The death toll from a shooting spree that authorities are treating as a hate crime in the German city of Hanau on Wednesday night has risen to 11 after the bodies of the suspected gunman and his mother were found at his home early on Thursday morning.
According to German media, the suspect, named only as Tobias R. left a letter and video in which he confessed to the crime and expressed right-wing extremist ideas.
Police sources indicated that, “in all likelihood,” the person found dead at home by special police forces is the suspect behind the mass shooting.
The first attack took place around ten o’clock on Wednesday night, in the historic centre of Hanau, a town of 100,000 inhabitants located 20km east of Frankfurt.
The attacker rang the bell of the Midnight bar, said to cater to mostly Kurdish customers, and went to the smoking area, where he opened fire, killing four men and woman.

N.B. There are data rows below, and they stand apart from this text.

(* Let $\mathbf{A}$ be a non-trivial algebra whose set $\mathcal{F}$ of basic operations contains no constant symbols, and let $h$ be a unary function on $A$. Then the matrices $\langle\mathbf{A}^{\natural},F^{\natural}\rangle$ and $\langle\mathbf{A}^{\flat},G^{\flat}\rangle$ (defined below) are reduced.
   Context: A matrix $\langle\mathbf{B},H\rangle$ ($H\subseteq B$) is reduced if the largest congruence of $\mathbf{B}$ for which $H$ is a union of blocks is the identity. Construction of $\mathbf{A}^{\natural}$: its universe is the disjoint union of eight copies $A_1,\dots,A_8$ of $A$; for $a\in A$, $a^i$ denotes its copy in $A_i$. Its basic operations are those of $\mathcal{F}$ plus a ternary $\heartsuit$ and a unary $\Box$. For $n$-ary $f\in\mathcal{F}$: $f(a_1^{m_1},\dots,a_n^{m_n})=(f^{\mathbf{A}}(a_1,\dots,a_n))^5$. For $a^m,b^n,c^k$: $\heartsuit(a^m,b^n,c^k)=a^1$ if $a^m=c^k$, $h(a)^5=b^n$ and $m\in\{1,3,4\}$; $=a^2$ if $a^m=c^k$, $h(a)^5=b^n$ and $m\in\{2,5,6,7,8\}$; $=a^4$ if $m,k\in\{1,3,4\}$ and ($a^m\neq c^k$ or $h(a)^5\ne b^n$); $=a^7$ if $\{m,k\}\cap\{2,5,6,7,8\}\neq\emptyset$ and ($a^m\ne c^k$ or $h(a)^5\ne b^n$). $\Box(a^m)=a^m$ if $m\in\{1,2\}$; $=a^{m-1}$ if $m\ge3$ is even; $=a^{m+1}$ if $m\ge3$ is odd. $F^{\natural}=A_1\cup A_2$. Construction of $\mathbf{A}^{\flat}$: universe $A_1\cup A_2\cup\{0,1\}$ (two disjoint copies of $A$, with $a^i$ the copy of $a$ in $A_i$, plus two fresh elements $0,1$). Basic operations: those of $\mathcal{F}$, a binary $+$, a unary $\Box^{a}$ for each $a\in A$, and a constant $\mathbf{1}$ interpreted as $1$. For $n$-ary $f\in\mathcal{F}$: $f(b_1,\dots,b_n)=(f^{\mathbf{A}}(a_1,\dots,a_n))^2$ if $b_i\in\{a_i^1,a_i^2\}$ for all $i$; $=1$ if $b_1=\dots=b_n=1$; $=0$ otherwise. $a+b=1$ if either $a=b=1$ or ($a=c^1$ for some $c\in A$ and $b=h(c)^2$); $a+b=0$ otherwise. $\Box^{a}(b)=b$ if $b\in(A_1\cup A_2)\setminus\{a^1,a^2\}$; $\Box^a(a^1)=a^2$; $\Box^a(a^2)=a^1$; $\Box^a(0)=\Box^a(1)=0$. $G^{\flat}=A_1\cup\{1\}$. *)

theory Defs
  imports Main
begin

definition congruence ::
  "'b set \<Rightarrow> 's set \<Rightarrow> ('s \<Rightarrow> nat) \<Rightarrow> ('s \<Rightarrow> 'b list \<Rightarrow> 'b) \<Rightarrow> ('b \<times> 'b) set \<Rightarrow> bool" where
  "congruence B S ar ops \<theta> \<longleftrightarrow> equiv B \<theta> \<and>
     (\<forall>s\<in>S. \<forall>xs ys. length xs = ar s \<longrightarrow> length ys = ar s \<longrightarrow> set xs \<subseteq> B \<longrightarrow> set ys \<subseteq> B \<longrightarrow>
        list_all2 (\<lambda>x y. (x, y) \<in> \<theta>) xs ys \<longrightarrow> (ops s xs, ops s ys) \<in> \<theta>)"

Shortly afterwards there was another deadly shooting near the Arena Bar & Café, two kilometers away, in the district of Kesselstadt. According to local media, the shots were fired from a passing car. Police discovered the bodies of the suspect and his mother in an apartment in the same district at around 3 am.
Investigators also found ammunition and magazines in his car, according to local press, adding that the suspect had a hunting license.
“What we know so far is that there is definitely a xenophobic motive. Whether there are claims of responsibility or documents, that’s still being investigated,” Hesse Interior Minister Peter Beuth said.
The threat of far-right terrorism has increasingly worried the German authorities, especially since the murder of the pro-migrant CDU politician Walter Lubke, last June.
On Friday, 12 members of a far-right group, including a police officer, were arrested in connection with a major counterterrorism investigation. They are suspected of having planned large-scale attacks on mosques, mosques, politicians, asylum seekers. In raids that took place in six German federal states, weapons were found as well as material that could be used for the production of so-called unconventional explosive devices (USBV).
Last October, a man armed with explosives and a weapon tried unsuccessfully to access a synagogue in the eastern city of Halle. He later killed two people, a passer-by and a man in a kebab shop, before being arrested and confessing to being motivated by antisemitic beliefs.
In December the German government announced that it was recruiting hundreds of new police and federal agents for internal intelligence as it steps up the fight against right-wing extremists.